In the records below, find every line with the word "neighbourhood" and copy it.

(Saved entries)
((
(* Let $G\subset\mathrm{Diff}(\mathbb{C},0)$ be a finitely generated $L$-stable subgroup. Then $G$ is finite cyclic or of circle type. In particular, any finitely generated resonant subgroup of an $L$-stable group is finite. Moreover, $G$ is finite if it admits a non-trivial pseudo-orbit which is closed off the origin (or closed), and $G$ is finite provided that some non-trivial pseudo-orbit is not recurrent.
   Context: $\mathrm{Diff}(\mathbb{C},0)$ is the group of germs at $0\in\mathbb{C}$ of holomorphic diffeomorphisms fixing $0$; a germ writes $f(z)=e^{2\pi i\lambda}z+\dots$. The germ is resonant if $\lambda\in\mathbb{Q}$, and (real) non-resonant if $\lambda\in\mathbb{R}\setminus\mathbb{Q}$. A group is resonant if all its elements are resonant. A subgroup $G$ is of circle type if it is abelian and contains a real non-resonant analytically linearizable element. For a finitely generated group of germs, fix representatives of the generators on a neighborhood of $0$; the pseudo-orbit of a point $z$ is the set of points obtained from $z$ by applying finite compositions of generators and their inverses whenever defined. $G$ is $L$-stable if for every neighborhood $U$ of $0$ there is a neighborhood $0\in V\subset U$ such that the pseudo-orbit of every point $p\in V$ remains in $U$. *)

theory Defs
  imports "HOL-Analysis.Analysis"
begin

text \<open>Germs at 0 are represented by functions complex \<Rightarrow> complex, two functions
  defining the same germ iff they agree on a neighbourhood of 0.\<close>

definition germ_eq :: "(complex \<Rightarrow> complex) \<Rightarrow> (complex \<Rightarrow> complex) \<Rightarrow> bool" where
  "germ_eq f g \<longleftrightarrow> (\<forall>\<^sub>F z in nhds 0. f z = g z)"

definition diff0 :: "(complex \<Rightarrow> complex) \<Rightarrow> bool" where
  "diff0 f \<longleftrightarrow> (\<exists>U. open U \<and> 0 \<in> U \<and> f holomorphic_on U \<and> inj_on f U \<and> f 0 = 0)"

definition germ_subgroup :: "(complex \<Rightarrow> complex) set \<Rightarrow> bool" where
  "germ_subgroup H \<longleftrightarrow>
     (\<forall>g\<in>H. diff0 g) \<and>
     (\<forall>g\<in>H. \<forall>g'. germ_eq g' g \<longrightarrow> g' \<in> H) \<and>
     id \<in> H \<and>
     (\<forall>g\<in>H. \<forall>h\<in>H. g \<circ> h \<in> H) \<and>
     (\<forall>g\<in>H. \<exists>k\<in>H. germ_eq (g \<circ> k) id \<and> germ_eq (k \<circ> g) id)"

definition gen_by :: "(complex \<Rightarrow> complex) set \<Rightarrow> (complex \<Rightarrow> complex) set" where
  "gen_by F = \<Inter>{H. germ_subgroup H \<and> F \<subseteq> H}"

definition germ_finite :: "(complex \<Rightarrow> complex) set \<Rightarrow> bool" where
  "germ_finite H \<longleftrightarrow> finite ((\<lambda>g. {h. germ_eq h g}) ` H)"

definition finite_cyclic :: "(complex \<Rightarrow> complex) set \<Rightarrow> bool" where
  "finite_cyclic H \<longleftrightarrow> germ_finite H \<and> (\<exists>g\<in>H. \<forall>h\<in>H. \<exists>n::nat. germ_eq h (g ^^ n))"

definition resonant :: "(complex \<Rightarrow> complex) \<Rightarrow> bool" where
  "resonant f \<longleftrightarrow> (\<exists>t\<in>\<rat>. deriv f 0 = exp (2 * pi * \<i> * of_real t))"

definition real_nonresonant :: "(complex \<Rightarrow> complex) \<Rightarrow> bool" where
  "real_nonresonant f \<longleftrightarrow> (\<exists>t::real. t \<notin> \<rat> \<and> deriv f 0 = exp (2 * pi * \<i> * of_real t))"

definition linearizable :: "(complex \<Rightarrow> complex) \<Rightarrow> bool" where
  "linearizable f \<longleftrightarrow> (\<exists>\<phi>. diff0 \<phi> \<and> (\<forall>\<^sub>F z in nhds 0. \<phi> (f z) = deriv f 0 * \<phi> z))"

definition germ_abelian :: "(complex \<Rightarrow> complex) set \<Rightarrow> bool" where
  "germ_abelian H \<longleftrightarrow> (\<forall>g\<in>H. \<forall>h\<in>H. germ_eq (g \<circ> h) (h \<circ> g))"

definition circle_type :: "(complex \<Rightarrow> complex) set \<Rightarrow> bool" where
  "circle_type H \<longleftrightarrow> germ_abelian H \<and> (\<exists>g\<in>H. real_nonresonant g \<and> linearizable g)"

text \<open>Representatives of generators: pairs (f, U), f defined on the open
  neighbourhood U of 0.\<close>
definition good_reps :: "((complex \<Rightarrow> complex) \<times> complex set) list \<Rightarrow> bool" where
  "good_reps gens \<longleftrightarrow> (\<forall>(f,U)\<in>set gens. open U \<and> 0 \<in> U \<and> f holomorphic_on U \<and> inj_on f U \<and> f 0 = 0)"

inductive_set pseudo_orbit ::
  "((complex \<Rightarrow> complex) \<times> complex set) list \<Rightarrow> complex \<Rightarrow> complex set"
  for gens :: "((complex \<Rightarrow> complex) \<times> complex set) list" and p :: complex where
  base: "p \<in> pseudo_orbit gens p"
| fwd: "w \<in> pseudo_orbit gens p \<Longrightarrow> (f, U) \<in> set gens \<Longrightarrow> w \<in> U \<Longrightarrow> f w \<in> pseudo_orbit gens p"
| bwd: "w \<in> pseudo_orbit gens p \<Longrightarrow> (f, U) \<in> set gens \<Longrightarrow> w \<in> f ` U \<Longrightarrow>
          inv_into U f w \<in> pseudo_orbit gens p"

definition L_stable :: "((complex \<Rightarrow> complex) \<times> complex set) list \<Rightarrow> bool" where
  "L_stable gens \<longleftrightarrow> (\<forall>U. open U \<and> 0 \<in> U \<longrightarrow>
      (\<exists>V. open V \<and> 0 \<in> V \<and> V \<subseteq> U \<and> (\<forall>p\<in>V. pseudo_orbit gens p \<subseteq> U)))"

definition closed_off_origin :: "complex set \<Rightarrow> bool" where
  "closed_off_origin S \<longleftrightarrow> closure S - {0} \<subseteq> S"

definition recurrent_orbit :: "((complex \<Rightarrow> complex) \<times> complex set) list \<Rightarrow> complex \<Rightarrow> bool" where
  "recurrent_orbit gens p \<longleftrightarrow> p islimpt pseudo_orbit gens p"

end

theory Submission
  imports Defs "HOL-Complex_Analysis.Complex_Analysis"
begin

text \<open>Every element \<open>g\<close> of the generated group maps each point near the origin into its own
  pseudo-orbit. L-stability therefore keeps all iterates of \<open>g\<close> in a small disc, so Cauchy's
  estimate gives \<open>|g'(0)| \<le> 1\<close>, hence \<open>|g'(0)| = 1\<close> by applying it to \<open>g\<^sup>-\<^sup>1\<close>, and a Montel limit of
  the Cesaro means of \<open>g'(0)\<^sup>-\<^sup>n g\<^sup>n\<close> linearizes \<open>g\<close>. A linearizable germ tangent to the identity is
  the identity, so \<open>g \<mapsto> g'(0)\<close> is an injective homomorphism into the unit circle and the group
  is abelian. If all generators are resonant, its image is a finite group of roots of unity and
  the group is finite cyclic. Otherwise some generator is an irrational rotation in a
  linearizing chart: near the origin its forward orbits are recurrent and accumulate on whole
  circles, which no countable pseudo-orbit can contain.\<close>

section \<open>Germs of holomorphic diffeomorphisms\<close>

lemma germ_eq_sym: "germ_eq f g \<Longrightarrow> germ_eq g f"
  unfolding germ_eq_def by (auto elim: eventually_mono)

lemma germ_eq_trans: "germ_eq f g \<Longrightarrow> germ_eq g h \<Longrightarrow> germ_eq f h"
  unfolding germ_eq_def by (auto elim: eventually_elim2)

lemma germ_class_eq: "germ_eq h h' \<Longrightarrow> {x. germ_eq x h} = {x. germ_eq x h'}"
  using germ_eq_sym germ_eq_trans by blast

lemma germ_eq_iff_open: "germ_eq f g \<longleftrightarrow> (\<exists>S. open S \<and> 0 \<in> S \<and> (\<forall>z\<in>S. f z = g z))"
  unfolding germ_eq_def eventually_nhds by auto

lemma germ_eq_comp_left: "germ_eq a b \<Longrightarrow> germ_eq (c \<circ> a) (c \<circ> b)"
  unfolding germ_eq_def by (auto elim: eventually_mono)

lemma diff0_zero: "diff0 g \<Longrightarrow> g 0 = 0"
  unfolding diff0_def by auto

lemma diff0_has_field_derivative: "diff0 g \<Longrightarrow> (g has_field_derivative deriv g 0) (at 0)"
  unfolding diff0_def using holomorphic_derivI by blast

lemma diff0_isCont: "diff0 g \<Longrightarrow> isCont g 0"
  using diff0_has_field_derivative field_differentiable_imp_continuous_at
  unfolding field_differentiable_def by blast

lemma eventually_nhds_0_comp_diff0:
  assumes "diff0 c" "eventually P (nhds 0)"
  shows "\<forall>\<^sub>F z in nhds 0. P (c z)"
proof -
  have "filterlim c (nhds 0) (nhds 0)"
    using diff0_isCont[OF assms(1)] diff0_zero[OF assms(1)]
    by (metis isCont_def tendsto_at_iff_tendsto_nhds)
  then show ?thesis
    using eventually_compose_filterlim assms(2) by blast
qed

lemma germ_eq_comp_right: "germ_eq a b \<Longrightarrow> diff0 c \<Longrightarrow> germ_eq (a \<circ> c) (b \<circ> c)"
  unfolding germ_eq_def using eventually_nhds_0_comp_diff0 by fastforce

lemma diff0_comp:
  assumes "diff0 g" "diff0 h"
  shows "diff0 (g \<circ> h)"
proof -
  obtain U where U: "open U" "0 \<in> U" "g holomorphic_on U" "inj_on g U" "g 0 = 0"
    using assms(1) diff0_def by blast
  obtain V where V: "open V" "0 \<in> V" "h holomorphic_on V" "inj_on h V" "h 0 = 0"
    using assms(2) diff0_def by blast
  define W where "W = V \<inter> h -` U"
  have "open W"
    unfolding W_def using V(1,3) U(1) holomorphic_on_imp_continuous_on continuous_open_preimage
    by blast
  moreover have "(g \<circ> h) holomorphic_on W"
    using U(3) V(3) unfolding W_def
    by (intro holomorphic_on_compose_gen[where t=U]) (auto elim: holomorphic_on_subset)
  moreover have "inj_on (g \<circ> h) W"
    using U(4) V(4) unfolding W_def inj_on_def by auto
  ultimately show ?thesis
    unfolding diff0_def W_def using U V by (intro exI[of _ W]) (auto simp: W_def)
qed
))
((
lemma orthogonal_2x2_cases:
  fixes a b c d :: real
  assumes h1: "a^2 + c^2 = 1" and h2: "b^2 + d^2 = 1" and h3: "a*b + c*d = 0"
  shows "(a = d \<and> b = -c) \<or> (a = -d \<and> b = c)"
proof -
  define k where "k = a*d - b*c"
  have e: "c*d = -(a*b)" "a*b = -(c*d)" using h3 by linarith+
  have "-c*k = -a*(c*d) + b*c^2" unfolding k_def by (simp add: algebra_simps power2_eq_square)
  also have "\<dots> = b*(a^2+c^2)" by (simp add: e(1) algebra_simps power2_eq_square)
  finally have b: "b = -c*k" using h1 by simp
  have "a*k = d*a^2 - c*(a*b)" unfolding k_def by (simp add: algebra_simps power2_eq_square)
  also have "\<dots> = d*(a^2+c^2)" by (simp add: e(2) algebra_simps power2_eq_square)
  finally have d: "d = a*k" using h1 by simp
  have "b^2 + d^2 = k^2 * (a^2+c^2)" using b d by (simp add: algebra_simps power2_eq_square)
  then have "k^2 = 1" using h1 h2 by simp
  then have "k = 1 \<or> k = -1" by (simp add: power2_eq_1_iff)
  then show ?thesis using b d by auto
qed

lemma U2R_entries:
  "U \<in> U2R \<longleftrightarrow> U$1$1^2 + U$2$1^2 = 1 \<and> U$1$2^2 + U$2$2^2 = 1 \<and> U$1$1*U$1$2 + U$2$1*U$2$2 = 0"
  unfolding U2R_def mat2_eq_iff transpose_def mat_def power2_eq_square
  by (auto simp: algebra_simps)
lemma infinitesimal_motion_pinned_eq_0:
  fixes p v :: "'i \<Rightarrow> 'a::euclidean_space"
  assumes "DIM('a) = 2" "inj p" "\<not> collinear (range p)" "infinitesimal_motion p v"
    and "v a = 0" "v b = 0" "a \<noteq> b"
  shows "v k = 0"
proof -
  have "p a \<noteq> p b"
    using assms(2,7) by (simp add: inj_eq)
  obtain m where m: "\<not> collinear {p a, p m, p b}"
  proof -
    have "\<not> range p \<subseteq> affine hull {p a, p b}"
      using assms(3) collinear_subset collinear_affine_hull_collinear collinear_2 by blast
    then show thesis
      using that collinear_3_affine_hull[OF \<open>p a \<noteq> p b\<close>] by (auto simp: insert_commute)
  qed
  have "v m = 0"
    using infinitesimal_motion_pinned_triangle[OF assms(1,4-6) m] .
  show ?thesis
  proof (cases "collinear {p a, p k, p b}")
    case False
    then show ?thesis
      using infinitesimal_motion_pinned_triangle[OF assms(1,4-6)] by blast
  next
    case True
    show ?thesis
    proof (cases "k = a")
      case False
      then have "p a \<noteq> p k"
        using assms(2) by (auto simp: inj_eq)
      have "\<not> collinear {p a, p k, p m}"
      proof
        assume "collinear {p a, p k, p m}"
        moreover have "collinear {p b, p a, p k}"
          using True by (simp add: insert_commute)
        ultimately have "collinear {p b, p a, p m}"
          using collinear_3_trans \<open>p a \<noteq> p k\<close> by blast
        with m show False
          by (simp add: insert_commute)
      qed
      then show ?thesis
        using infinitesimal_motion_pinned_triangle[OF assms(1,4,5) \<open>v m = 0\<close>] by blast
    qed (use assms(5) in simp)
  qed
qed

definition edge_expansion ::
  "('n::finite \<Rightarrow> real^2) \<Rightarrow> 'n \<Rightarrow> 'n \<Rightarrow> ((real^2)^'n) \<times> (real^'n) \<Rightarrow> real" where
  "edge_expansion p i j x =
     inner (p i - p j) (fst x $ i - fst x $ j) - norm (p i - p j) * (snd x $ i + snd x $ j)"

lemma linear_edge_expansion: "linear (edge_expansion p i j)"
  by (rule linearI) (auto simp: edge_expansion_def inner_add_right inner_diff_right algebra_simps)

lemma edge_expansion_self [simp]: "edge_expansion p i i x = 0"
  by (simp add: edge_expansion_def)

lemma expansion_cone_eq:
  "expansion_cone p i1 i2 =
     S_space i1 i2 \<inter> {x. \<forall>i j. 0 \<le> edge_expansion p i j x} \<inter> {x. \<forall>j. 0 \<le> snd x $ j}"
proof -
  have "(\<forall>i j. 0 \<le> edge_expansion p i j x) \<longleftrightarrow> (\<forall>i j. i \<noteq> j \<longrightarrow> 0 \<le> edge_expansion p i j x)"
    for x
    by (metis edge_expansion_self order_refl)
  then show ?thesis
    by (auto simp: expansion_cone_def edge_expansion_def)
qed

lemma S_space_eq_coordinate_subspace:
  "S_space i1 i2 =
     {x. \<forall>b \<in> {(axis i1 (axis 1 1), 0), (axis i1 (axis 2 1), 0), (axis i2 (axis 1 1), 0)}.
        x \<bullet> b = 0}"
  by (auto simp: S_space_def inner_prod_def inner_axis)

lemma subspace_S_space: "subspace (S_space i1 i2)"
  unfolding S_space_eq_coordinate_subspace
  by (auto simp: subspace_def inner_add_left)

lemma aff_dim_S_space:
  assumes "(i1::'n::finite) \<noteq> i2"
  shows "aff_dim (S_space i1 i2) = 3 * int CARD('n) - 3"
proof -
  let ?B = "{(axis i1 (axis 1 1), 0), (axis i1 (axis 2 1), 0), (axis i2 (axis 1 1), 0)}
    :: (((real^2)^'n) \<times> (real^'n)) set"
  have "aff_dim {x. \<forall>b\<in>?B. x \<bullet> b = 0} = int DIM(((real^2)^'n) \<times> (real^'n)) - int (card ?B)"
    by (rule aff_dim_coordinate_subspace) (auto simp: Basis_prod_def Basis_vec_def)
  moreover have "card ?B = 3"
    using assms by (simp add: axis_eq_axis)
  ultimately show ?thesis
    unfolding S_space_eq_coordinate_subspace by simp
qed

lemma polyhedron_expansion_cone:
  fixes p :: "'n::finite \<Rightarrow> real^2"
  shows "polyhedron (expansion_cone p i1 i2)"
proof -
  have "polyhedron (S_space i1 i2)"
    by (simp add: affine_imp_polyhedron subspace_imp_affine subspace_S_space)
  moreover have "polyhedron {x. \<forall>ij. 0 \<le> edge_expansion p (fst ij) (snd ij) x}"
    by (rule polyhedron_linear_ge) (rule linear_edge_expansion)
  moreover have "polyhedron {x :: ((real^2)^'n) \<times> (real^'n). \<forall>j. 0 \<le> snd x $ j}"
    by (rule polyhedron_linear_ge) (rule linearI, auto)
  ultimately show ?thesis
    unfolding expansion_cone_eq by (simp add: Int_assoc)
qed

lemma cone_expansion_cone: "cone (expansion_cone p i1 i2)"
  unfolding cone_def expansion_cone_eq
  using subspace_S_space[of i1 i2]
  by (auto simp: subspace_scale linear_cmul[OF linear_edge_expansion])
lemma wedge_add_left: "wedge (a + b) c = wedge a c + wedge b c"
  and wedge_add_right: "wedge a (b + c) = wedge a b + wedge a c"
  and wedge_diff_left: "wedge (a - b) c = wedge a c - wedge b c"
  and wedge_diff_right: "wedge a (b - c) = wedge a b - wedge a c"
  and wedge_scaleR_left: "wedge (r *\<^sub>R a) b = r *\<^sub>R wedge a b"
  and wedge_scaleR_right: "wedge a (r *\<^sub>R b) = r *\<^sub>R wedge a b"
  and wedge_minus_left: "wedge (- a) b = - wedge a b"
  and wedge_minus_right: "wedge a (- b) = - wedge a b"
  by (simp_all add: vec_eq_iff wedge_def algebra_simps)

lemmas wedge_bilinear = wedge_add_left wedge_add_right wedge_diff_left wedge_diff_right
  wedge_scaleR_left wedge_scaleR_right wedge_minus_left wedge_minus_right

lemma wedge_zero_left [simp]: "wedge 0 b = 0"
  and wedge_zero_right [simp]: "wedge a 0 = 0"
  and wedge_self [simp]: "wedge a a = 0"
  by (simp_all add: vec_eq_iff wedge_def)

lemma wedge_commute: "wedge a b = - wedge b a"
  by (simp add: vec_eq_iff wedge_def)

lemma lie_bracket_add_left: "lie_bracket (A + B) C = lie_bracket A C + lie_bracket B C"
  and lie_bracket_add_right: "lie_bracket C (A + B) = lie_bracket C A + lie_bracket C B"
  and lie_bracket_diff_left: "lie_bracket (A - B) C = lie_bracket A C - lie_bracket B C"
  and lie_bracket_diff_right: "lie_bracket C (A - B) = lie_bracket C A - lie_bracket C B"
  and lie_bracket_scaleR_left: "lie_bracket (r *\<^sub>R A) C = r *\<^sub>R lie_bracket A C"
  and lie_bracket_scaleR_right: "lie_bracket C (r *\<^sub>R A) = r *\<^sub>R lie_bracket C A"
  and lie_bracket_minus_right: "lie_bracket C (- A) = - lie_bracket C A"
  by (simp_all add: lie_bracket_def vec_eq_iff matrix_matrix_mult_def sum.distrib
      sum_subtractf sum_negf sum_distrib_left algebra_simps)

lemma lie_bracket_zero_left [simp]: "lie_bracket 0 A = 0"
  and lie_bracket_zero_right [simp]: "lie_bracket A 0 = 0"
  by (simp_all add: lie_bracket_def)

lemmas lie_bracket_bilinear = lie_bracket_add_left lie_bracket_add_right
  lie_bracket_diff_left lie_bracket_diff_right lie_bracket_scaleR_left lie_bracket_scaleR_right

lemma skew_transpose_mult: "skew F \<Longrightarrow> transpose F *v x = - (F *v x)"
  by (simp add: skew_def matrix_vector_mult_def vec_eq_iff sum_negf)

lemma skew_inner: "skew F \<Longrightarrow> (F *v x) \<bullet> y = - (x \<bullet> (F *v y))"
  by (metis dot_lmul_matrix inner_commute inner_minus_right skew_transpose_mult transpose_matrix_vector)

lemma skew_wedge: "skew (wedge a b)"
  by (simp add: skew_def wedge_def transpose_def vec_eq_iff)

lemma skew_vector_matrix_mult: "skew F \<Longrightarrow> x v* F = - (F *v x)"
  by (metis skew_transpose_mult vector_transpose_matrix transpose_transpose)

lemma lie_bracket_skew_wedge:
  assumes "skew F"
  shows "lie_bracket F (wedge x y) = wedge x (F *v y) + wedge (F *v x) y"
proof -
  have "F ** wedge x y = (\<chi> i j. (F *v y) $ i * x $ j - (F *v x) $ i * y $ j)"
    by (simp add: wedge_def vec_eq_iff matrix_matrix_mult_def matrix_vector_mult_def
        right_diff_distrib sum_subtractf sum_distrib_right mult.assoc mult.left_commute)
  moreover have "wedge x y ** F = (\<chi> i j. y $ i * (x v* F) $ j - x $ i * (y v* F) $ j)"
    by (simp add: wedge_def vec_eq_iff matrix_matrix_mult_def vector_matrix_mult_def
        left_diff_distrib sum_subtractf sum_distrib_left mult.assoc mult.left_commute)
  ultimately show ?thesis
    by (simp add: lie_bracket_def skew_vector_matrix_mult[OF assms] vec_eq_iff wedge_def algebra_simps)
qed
))
ANSWER TO THIS TASK:
  defining the same germ iff they agree on a neighbourhood of 0.\<close>
  neighbourhood U of 0.\<close>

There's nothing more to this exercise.